• Requirement
After the line containing "x \<and> x <", write nothing more; before it, reproduce every line of the material below exactly, starting with the first.

----------

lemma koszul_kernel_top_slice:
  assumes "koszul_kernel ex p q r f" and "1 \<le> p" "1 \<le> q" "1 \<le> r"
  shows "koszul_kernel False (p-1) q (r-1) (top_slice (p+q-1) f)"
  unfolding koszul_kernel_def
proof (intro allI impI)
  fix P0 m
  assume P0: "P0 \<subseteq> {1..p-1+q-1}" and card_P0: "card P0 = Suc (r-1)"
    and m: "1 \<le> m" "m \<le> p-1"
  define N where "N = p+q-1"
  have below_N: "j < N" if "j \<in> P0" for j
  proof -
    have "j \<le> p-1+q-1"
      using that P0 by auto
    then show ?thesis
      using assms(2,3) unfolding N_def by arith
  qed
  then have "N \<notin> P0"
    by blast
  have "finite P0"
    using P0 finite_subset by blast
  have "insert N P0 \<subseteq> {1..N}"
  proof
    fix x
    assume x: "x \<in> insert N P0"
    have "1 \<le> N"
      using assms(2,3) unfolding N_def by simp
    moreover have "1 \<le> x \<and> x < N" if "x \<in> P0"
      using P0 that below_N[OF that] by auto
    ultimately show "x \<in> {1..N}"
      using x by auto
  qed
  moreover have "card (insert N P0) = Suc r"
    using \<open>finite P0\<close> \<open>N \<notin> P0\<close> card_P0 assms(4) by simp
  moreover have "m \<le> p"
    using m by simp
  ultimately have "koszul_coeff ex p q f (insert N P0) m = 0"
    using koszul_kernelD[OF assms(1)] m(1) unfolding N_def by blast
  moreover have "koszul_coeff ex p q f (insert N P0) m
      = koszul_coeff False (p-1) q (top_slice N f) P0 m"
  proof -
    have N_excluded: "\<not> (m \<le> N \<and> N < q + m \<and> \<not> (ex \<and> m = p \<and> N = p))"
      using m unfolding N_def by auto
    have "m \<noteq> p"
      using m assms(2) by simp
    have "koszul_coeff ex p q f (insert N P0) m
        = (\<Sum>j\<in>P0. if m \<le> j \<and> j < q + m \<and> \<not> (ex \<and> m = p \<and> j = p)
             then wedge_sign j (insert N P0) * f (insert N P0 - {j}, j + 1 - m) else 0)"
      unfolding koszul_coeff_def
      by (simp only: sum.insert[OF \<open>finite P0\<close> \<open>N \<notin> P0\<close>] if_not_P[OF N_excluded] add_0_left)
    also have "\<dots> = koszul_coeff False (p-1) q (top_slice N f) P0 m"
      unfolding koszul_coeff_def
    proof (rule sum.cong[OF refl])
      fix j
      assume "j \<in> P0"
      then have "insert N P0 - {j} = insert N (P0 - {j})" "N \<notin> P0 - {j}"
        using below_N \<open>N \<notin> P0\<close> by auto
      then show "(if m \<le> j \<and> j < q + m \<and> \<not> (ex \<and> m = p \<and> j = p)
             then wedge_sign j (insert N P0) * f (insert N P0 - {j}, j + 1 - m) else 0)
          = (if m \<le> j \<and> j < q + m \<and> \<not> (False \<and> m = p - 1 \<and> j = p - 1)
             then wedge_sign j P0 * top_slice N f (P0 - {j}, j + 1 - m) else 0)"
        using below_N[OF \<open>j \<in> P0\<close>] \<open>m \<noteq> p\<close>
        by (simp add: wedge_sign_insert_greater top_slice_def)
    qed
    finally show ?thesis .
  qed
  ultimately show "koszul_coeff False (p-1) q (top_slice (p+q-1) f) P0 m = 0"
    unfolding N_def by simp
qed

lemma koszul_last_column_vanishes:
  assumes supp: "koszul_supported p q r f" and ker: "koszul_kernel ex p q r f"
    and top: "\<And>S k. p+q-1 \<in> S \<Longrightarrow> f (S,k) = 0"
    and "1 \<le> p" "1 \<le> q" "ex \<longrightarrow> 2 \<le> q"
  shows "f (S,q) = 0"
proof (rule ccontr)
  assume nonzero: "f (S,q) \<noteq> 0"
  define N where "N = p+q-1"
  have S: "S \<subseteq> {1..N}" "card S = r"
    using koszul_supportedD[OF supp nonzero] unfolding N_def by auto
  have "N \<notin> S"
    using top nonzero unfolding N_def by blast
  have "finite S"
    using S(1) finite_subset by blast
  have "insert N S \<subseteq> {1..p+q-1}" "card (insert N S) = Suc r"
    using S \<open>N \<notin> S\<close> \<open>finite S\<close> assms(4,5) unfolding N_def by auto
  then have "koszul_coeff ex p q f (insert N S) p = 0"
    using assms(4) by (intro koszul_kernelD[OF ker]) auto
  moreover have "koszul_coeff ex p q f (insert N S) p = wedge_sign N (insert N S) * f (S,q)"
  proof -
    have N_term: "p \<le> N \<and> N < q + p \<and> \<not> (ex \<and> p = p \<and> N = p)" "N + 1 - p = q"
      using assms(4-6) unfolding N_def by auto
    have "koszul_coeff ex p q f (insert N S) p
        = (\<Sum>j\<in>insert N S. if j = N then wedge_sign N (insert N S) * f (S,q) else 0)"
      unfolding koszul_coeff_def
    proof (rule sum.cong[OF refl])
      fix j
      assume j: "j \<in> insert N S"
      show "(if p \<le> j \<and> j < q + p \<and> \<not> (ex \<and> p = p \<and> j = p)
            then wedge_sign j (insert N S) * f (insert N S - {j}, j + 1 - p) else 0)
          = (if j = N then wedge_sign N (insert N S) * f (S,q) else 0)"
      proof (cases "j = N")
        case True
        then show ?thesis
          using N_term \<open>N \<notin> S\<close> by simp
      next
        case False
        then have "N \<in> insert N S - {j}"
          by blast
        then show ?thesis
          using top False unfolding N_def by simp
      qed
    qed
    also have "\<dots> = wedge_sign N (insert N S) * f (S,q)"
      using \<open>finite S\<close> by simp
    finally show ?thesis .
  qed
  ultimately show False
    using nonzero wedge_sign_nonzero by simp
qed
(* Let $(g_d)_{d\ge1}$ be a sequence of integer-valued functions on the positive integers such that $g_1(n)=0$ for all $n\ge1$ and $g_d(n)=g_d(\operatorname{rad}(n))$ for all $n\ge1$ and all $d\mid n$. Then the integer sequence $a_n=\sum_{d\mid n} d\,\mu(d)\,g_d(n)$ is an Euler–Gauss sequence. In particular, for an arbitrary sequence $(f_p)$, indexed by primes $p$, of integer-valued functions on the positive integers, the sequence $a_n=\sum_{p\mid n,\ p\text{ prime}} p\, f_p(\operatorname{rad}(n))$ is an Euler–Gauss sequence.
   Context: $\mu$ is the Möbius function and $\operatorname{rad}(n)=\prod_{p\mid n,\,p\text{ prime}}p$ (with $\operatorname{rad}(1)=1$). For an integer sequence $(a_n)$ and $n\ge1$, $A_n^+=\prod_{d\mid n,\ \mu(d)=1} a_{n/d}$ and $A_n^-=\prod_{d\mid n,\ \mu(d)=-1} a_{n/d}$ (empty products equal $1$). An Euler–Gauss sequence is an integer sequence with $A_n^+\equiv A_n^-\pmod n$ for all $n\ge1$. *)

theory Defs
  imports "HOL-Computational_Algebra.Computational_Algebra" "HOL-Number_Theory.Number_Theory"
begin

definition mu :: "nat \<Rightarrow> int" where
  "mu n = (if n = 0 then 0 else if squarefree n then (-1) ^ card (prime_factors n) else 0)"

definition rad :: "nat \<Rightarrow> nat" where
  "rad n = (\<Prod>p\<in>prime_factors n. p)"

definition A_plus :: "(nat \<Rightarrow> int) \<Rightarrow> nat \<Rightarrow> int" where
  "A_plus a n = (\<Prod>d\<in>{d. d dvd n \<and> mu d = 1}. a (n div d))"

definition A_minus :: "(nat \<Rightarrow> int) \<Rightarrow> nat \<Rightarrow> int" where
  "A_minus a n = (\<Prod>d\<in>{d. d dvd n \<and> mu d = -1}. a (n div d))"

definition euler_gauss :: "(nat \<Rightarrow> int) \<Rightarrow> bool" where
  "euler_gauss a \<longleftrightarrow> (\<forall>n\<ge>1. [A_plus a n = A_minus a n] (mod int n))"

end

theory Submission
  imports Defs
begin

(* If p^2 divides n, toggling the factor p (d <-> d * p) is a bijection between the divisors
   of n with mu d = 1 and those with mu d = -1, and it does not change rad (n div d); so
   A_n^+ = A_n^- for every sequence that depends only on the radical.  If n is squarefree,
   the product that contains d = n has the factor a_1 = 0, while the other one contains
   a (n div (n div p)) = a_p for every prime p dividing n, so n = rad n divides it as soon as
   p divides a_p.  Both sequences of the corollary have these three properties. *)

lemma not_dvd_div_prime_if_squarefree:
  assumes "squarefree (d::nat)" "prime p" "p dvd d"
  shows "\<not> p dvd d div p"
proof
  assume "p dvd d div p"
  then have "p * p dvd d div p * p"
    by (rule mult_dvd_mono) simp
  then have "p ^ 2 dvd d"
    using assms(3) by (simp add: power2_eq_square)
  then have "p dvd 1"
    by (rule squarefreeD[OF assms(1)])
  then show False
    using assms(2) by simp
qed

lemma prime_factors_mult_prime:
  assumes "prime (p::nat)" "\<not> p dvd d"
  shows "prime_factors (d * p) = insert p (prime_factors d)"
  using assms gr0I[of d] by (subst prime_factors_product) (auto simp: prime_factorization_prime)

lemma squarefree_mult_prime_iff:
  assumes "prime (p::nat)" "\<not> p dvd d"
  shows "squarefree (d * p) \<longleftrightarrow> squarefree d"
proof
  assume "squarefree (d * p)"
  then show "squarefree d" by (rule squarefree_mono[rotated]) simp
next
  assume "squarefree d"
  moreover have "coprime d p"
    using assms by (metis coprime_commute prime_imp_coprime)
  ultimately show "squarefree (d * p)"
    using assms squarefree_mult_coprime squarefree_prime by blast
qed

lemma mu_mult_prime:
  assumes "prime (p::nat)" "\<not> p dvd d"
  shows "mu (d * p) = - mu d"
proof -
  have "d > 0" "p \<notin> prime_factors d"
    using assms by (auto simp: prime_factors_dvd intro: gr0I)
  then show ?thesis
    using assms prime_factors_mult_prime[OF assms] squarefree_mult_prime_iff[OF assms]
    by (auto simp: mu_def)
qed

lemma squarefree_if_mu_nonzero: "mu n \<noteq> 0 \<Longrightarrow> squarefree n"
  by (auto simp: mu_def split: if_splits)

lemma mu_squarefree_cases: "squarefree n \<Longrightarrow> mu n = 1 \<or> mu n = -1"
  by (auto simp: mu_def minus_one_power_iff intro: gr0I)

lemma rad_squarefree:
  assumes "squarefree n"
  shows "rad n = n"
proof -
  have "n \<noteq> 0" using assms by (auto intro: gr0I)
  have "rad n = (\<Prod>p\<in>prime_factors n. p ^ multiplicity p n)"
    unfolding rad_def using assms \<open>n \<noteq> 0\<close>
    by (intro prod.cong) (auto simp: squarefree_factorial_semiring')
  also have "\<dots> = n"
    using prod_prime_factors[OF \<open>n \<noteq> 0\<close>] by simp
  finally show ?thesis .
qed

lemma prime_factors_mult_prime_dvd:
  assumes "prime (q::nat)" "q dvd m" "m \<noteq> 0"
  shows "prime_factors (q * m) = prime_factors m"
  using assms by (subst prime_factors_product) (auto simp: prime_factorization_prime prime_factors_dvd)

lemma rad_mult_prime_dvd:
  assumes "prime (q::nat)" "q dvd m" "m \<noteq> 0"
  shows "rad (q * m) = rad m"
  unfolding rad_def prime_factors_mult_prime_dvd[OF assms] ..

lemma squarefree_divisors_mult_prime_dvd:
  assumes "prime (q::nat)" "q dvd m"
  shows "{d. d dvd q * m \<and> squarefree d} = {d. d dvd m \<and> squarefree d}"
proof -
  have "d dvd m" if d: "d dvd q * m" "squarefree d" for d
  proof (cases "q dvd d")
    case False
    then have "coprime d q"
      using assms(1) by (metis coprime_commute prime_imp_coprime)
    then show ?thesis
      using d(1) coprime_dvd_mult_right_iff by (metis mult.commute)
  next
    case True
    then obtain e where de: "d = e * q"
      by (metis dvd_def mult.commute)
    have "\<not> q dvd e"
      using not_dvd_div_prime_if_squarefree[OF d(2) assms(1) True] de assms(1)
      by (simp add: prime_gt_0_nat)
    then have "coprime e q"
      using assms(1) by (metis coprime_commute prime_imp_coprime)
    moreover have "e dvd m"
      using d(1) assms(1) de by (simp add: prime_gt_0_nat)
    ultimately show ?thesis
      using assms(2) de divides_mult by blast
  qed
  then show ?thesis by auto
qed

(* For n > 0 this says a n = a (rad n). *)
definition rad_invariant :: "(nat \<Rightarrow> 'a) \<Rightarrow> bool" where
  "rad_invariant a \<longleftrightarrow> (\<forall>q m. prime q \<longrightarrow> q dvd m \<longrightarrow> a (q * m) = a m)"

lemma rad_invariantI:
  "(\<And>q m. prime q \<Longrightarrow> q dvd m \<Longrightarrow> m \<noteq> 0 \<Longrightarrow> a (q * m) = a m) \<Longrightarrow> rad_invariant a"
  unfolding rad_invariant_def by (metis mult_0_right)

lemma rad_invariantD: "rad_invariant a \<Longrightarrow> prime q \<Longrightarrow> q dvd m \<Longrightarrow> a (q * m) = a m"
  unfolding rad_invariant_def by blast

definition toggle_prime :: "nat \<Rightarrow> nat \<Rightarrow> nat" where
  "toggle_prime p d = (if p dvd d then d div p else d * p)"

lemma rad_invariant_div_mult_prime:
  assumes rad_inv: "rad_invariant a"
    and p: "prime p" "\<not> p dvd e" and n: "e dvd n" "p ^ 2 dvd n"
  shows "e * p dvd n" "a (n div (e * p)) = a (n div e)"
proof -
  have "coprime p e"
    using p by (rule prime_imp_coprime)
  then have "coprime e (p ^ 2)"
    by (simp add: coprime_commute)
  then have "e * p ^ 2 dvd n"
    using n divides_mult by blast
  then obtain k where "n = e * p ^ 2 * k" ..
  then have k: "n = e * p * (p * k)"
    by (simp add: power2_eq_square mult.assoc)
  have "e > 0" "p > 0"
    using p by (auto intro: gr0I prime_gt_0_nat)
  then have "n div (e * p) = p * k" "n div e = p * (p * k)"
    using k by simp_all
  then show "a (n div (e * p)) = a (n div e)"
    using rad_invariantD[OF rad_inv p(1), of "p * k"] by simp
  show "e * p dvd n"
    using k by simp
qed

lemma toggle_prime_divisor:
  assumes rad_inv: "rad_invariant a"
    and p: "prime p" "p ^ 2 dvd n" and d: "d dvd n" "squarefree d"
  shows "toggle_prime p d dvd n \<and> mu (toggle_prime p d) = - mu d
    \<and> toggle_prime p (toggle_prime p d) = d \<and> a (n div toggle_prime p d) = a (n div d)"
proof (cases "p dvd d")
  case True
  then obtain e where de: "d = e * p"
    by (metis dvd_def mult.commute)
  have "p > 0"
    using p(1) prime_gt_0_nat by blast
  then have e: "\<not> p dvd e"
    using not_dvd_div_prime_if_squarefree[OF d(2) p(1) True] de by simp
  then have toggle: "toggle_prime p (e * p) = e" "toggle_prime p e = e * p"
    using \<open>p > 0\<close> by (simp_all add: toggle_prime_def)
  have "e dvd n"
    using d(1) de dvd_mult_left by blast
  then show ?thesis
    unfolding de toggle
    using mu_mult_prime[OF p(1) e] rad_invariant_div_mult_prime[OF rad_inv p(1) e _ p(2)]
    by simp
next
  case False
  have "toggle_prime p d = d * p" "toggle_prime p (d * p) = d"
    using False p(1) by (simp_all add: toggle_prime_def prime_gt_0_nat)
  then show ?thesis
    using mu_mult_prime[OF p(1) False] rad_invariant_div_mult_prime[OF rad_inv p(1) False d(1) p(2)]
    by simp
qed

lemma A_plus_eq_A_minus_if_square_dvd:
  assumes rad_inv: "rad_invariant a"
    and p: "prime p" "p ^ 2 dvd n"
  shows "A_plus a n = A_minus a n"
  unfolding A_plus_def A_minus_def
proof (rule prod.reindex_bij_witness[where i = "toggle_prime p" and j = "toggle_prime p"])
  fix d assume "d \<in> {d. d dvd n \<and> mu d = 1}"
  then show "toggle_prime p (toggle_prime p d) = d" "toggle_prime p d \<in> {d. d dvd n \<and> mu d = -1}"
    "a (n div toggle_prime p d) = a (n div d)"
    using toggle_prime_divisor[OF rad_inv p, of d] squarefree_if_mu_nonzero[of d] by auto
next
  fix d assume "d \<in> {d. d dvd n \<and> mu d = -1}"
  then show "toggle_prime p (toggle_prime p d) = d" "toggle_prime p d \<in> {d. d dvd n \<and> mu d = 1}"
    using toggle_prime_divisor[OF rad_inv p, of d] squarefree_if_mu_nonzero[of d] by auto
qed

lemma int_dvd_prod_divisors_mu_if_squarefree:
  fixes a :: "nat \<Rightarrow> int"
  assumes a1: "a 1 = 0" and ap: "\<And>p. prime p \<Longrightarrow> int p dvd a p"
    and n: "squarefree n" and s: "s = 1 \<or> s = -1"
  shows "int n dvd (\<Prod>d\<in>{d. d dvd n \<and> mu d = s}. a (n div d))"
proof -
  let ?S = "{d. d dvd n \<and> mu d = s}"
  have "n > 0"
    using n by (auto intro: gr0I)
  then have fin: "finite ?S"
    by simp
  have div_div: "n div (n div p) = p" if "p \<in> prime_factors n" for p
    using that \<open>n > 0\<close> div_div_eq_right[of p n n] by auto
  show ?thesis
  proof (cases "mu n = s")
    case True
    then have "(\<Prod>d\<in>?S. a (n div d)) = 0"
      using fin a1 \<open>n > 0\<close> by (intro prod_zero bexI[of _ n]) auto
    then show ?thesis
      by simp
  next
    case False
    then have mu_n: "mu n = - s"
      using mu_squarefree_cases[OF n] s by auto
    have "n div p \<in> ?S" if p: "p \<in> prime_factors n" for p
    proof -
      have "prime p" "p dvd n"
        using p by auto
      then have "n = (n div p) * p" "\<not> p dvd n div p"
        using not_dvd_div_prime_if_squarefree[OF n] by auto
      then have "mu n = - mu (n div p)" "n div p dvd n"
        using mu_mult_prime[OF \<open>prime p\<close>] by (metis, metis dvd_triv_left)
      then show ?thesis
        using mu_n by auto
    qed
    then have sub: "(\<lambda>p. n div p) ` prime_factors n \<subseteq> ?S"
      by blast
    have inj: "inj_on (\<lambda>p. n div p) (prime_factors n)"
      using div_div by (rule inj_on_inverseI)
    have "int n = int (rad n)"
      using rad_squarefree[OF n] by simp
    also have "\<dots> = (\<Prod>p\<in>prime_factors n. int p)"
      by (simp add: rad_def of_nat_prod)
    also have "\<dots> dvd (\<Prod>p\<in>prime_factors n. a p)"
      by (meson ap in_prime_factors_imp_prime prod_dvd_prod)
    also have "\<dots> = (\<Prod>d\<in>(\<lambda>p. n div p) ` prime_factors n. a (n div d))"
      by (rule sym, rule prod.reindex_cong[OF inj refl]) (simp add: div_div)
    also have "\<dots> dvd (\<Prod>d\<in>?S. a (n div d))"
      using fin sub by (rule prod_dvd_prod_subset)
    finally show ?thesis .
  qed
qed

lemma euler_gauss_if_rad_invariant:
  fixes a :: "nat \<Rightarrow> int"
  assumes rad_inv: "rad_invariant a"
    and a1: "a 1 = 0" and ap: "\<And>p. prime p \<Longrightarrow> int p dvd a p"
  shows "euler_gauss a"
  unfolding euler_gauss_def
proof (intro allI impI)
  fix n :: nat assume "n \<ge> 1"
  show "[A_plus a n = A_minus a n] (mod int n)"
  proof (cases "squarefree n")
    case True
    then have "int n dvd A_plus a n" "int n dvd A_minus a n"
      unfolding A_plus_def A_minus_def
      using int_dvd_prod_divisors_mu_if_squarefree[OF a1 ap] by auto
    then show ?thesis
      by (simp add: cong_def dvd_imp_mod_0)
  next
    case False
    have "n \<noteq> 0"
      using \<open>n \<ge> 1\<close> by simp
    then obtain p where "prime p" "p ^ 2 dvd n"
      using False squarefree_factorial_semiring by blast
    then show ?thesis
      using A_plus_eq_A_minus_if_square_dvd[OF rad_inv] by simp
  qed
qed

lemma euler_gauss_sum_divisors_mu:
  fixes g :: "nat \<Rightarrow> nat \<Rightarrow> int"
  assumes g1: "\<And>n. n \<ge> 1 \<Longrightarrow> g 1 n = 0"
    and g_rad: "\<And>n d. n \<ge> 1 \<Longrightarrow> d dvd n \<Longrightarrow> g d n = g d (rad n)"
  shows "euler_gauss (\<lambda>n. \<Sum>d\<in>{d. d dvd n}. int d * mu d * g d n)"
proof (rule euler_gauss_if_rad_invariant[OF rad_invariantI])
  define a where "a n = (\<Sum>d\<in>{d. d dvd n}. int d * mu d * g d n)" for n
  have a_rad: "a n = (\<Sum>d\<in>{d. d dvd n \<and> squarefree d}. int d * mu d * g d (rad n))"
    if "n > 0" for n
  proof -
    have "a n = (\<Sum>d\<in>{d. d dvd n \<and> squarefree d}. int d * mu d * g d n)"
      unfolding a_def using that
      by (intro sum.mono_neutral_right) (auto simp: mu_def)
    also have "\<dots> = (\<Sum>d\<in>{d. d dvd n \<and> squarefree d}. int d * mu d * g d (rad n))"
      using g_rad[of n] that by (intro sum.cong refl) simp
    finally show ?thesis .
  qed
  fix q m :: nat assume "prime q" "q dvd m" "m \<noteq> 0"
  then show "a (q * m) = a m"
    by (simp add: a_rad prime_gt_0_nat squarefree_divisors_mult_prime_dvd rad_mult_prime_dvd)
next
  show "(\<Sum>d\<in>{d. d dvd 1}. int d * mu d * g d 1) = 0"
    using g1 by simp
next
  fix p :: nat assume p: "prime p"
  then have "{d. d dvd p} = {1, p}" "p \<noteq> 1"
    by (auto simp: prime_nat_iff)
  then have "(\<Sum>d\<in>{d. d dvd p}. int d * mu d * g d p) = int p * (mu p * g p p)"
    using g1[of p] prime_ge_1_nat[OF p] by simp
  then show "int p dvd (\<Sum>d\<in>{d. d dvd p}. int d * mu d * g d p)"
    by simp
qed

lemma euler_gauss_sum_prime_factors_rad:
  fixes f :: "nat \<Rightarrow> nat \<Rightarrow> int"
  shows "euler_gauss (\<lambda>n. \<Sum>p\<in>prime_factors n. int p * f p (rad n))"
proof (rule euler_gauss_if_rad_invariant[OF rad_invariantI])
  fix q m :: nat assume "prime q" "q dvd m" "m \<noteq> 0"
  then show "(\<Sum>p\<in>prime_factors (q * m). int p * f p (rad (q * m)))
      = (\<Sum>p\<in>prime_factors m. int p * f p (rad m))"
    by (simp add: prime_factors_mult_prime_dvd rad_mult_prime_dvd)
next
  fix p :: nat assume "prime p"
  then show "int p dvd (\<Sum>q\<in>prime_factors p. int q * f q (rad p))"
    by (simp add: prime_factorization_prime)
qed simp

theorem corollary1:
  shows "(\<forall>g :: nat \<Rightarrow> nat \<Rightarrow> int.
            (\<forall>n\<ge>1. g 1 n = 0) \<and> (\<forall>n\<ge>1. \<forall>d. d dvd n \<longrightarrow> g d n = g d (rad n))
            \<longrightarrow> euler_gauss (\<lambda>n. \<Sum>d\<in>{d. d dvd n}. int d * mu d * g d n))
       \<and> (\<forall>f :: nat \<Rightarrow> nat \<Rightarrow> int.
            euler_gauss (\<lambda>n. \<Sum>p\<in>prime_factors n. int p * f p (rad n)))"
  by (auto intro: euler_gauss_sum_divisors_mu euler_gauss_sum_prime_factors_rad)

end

----------

• Output of the exercise
lemma koszul_kernel_top_slice:
  assumes "koszul_kernel ex p q r f" and "1 \<le> p" "1 \<le> q" "1 \<le> r"
  shows "koszul_kernel False (p-1) q (r-1) (top_slice (p+q-1) f)"
  unfolding koszul_kernel_def
proof (intro allI impI)
  fix P0 m
  assume P0: "P0 \<subseteq> {1..p-1+q-1}" and card_P0: "card P0 = Suc (r-1)"
    and m: "1 \<le> m" "m \<le> p-1"
  define N where "N = p+q-1"
  have below_N: "j < N" if "j \<in> P0" for j
  proof -
    have "j \<le> p-1+q-1"
      using that P0 by auto
    then show ?thesis
      using assms(2,3) unfolding N_def by arith
  qed
  then have "N \<notin> P0"
    by blast
  have "finite P0"
    using P0 finite_subset by blast
  have "insert N P0 \<subseteq> {1..N}"
  proof
    fix x
    assume x: "x \<in> insert N P0"
    have "1 \<le> N"
      using assms(2,3) unfolding N_def by simp
    moreover have "1 \<le> x \<and> x < N" if "x \<in> P0"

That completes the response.